Scientists' hunt for the cause of depression has implicated so many suspects and found so many treatments with different mechanisms that the condition remains an enigma.
Now researchers at the Stanford University School of Medicine have identified one unifying principle that could explain how a range of causes and treatments for depression converge.
They found that in rats the differing mechanisms of depression and its treatment in the end appear to funnel through a single brain circuit. Changes in how the electrical signals spread through the circuit appear to be the cause of depression-related behavior, according to their study. Their findings will be published July 6 in Science Express, the advance online publication of the journal Science.
"I think this will help us make sense of how there can be so many different causes and treatments of depression," said senior author Karl Deisseroth, MD, PhD, assistant professor of bioengineering and of psychiatry and behavioral sciences. "It also helps us understand conceptually how something that seems as hard to get traction on as depression can have a really quantitative, concrete basis."
The work also may have implications for the search for new treatments for depression. "You can use that common pathway as the most efficient, most direct targeted way to find truly specific treatments," he said.
Deisseroth, who sees many depressed patients in clinic, said he has come to appreciate how the bumps in the road that most people see as normal obstacles in life become insurmountable hurdles to depressed people, causing them to lapse into helplessness.
Reasoning that the brain is essentially a complex electrical circuit, Deisseroth's team set out to test the theory of whether brain circuitry malfunction could be at the root of depression. To explore the idea in a precise, quantitative way, they needed to develop a visualization tool that was faster and sharper than brain imaging systems currently available, such as MRI or CT scans.
Raag Airan, an MD/PhD student in Deisseroth's lab and co-first author of the study, led the development of a technique called voltage-sensitive dye imaging for this model. This technique allows intact brain circuits to be viewed in real time, enabling the researchers to watch living neurons in action, across entire brain networks.

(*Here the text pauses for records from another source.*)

(* Let $q\in\mathbb{C}$, $|q|<1$. For each $\mathfrak{t}\in\{\widetilde{\mathrm{I}},\mathrm{II},\mathrm{III},\widetilde{\mathrm{IV}}\}$ and all $u,v\in\mathfrak{A}^0_{\mathfrak{t}}$, $$\mathfrak{z}_q[u*_{\mathfrak{t}}v]=\mathfrak{z}_q[u]\,\mathfrak{z}_q[v].$$
   Context: For integer tuples $\mathbf{t},\mathbf{s}$ of length $d$ put $\mathfrak{z}_q^{\mathbf{t}}[\mathbf{s}]=\sum_{k_1>\dots>k_d>0}\prod_{j=1}^d\frac{q^{k_jt_j}}{(1-q^{k_j})^{s_j}}$. All algebras are over $\mathbb{Q}$; $\mathbf{1}$ is the empty word. For a free algebra on a set of letters with a commutative bilinear product $[\cdot,\cdot]$ on the span of letters, the associated stuffle $*$ is the bilinear product with $\mathbf{1}*u=u*\mathbf{1}=u$ and $(\alpha u)*(\beta v)=\alpha(u*\beta v)+\beta(\alpha u*v)+[\alpha,\beta](u*v)$ ($\alpha,\beta$ letters, $u,v$ words). Type $\widetilde{\mathrm{I}}$: $\mathfrak{A}^1_{\widetilde{\mathrm{I}}}$ = free algebra on $\theta$, $z_k$ ($k\ge1$), $[z_k,z_l]=z_{k+l}+z_{k+l-1}$, $[\theta,z_k]=[z_k,\theta]=z_{k+1}$, $[\theta,\theta]=z_2-\theta$. $\mathfrak{A}^0_{\widetilde{\mathrm{I}}}=\mathbb{Q}\mathbf{1}+\theta\mathfrak{A}^1_{\widetilde{\mathrm{I}}}+\sum_{k\ge2}z_k\mathfrak{A}^1_{\widetilde{\mathrm{I}}}$. $\mathfrak{z}_q$ is $\mathbb{Q}$-linear with $\mathfrak{z}_q[\mathbf{1}]=1$ and $\mathfrak{z}_q[y_1\cdots y_d]=\sum_{k_1>\dots>k_d>0}\prod_jM_{k_j}(y_j)$, $M_k(\theta)=\frac{q^k}{1-q^k}$, $M_k(z_s)=\frac{q^{(s-1)k}}{(1-q^k)^s}$. Type II: $\mathfrak{A}^1_{\mathrm{II}}$ = free algebra on $z'_k$ ($k\ge0$), $[z'_k,z'_l]=z'_{k+l}$; $\mathfrak{A}^0_{\mathrm{II}}=\mathbb{Q}\mathbf{1}+\sum_{k\ge1}z'_k\mathfrak{A}^1_{\mathrm{II}}$; $\mathfrak{z}_q[\mathbf{1}]=1$, $\mathfrak{z}_q[z'_{s_1}\cdots z'_{s_d}]=\mathfrak{z}_q^{(s_1,\dots,s_d)}[s_1,\dots,s_d]$. Type III: $B$ = free algebra on $z_k$ ($k\in\mathbb{Z}$) with stuffle $*_B$ from $[z_k,z_l]=z_{k+l}$. $\mathfrak{A}^0_{\mathrm{III}}$ = $\mathbb{Q}$-span of symbols $z'_kw$ ($k\in\mathbb{Z}$, $w$ a word of $B$). $\sigma_-(z'_nw):=z_nw-z_{n-1}w$. $z'_ku*_{\mathrm{III}}z'_lv:=z'_k(u*_B\sigma_-(z'_lv))+z'_l(\sigma_-(z'_ku)*_Bv)+(z'_{k+l}-z'_{k+l-1})(u*_Bv)$, extended bilinearly. $\mathfrak{z}_q[z'_{s_1}z_{s_2}\cdots z_{s_d}]=\mathfrak{z}_q^{(1,0,\dots,0)}[s_1,\dots,s_d]$, extended linearly. Type $\widetilde{\mathrm{IV}}$: $C$ = free algebra on $z'_k$ ($k\ge0$) with stuffle $*_C$ from $[z'_k,z'_l]=z'_{k+l}$. $\mathfrak{A}^1_{\widetilde{\mathrm{IV}}}=\mathbb{Q}\mathbf{1}\oplus\theta C\oplus\bigoplus_{k\ge1}z_kC$, $\mathfrak{A}^0_{\widetilde{\mathrm{IV}}}=\mathbb{Q}\mathbf{1}\oplus\theta C\oplus\bigoplus_{k\ge2}z_kC$. $\sigma_+(z_nw):=z'_nw+z'_{n-1}w$. $*_{\widetilde{\mathrm{IV}}}$ is bilinear with unit $\mathbf{1}$ and for $k,l\ge1$, words $u,v\in C$: $z_ku*z_lv=z_k(u*_C\sigma_+(z_lv))+z_l(\sigma_+(z_ku)*_Cv)+(z_{k+l}+z_{k+l-1})(u*_Cv)$; $z_ku*\theta v=\theta v*z_ku=z_k(u*_Cz'_1v)+\theta(\sigma_+(z_ku)*_Cv)+z_{k+1}(u*_Cv)$; $\theta u*\theta v=\theta(u*_Cz'_1v)+\theta(z'_1u*_Cv)+(z_2-\theta)(u*_Cv)$. $\mathfrak{z}_q[\mathbf{1}]=1$, $\mathfrak{z}_q[\theta z'_{s_2}\cdots z'_{s_d}]=\mathfrak{z}_q^{(1,s_2,\dots,s_d)}[1,s_2,\dots,s_d]$, $\mathfrak{z}_q[z_{s_1}z'_{s_2}\cdots z'_{s_d}]=\mathfrak{z}_q^{(s_1-1,s_2,\dots,s_d)}[s_1,\dots,s_d]$, extended linearly. *)

theory Defs
  imports "HOL-Analysis.Analysis"
begin

text \<open>An element of a free Q-algebra (or of a Q-span of symbols) is represented as a finite
  formal linear combination: a list of (coefficient, basis element) pairs.\<close>

type_synonym 'w lc = "(rat \<times> 'w) list"

definition lc_map :: "('w \<Rightarrow> 'v) \<Rightarrow> 'w lc \<Rightarrow> 'v lc" where
  "lc_map f xs = map (\<lambda>(c, w). (c, f w)) xs"

definition lc_bilin :: "('w \<Rightarrow> 'v \<Rightarrow> 'u lc) \<Rightarrow> 'w lc \<Rightarrow> 'v lc \<Rightarrow> 'u lc" where
  "lc_bilin P xs ys =
     concat (map (\<lambda>(a, x). concat (map (\<lambda>(b, y). map (\<lambda>(c, w). (a * b * c, w)) (P x y)) ys)) xs)"

definition lc_eval :: "('w \<Rightarrow> complex) \<Rightarrow> 'w lc \<Rightarrow> complex" where
  "lc_eval f xs = (\<Sum>(c, w)\<leftarrow>xs. of_real (of_rat c) * f w)"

The system uses a fluorescent dye, sensitive to brain circuit activity, which the researchers introduce into the animal brain tissue. As dyed circuits light up and darken again in response to electrical activity, very fast high-resolution cameras capture the action. The researchers can observe how different stimuli received by the animal, such as a dose of an antidepressant drug, affect circuit operation.
The researchers used slices of rat brain, Deisseroth said, "like a computer repair technician would take out a circuit board" to test its functional properties. The brain slices, which remain active for many hours, came from parts of the hippocampus, a region long implicated in depression. They also tested slices from rats treated with the antidepressant medications fluoxetine and imipramine.
The team carried out the study using a standard rat model of depression. Even though the rats do not mimic the entire complexity of genetic and environmental causes of human depression, Deisseroth explained, the animals exhibit similar symptoms and also get better from the same medications that work on humans.